YOUR TASK: Among the entries that follow, the required portion opens with the line containing "using n by simp" and closes with the line containing "interpret strip n". Give that portion again exactly, and nothing else.

SUPPLIED MATERIAL:
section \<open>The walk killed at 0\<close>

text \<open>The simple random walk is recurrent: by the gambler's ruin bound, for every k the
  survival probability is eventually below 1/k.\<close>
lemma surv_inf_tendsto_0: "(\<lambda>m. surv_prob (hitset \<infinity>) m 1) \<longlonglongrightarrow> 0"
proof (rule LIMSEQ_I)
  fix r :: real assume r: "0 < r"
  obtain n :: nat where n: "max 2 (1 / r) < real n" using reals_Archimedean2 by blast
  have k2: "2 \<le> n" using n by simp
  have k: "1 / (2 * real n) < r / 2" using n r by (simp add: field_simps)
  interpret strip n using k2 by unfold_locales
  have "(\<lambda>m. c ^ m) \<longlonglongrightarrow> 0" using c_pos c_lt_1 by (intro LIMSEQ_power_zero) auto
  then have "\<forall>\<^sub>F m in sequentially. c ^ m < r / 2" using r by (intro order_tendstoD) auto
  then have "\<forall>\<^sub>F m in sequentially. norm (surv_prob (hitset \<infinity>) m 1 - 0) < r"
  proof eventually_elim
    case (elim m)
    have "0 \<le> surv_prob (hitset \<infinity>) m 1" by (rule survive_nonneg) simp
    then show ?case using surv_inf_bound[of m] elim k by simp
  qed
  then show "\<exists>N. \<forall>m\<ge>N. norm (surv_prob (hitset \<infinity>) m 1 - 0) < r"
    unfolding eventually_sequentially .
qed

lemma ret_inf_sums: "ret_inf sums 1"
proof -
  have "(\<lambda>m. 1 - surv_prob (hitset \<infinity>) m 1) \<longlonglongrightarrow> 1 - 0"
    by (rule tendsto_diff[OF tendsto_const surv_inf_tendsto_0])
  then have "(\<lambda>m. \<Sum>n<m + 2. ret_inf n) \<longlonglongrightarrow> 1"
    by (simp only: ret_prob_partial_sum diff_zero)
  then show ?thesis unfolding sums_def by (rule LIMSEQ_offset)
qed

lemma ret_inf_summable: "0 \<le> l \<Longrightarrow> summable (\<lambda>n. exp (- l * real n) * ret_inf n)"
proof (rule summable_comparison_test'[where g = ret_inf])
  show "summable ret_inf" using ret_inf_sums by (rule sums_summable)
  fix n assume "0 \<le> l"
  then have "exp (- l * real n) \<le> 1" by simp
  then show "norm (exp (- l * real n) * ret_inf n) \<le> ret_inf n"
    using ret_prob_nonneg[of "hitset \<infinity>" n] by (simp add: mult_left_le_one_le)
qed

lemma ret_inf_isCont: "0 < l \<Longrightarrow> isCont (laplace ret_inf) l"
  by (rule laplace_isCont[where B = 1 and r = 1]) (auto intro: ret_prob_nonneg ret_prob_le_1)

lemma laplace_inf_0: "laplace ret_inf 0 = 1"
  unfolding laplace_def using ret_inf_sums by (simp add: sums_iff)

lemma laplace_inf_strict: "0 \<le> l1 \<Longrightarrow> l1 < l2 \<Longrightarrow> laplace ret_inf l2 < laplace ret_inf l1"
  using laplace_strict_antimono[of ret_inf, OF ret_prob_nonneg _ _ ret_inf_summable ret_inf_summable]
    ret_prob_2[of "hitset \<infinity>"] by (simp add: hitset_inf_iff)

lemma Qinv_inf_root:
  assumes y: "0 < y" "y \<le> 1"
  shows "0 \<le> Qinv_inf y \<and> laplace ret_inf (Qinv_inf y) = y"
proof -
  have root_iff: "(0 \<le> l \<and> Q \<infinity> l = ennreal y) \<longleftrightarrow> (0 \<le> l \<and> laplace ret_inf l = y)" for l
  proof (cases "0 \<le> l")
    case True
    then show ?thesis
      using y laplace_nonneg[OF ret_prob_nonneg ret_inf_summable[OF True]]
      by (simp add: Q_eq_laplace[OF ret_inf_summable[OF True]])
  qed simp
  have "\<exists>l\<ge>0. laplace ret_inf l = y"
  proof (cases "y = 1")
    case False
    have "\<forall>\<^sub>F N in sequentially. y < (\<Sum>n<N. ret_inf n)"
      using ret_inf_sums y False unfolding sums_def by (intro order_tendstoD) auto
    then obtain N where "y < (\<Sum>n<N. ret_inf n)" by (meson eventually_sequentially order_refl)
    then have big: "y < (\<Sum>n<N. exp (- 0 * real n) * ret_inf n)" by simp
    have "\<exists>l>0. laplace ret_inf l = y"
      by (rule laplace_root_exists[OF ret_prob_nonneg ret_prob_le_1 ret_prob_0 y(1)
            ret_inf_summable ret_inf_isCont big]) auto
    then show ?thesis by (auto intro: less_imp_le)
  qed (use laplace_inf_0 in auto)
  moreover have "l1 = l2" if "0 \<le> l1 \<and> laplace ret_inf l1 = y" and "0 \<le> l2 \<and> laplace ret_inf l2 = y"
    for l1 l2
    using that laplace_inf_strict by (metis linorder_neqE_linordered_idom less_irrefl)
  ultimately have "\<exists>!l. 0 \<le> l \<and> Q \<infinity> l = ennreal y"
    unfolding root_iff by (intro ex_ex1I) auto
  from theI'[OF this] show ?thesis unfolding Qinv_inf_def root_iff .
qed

EXERCISE RESPONSE:
  have k2: "2 \<le> n" using n by simp
  have k: "1 / (2 * real n) < r / 2" using n r by (simp add: field_simps)
  interpret strip n using k2 by unfold_locales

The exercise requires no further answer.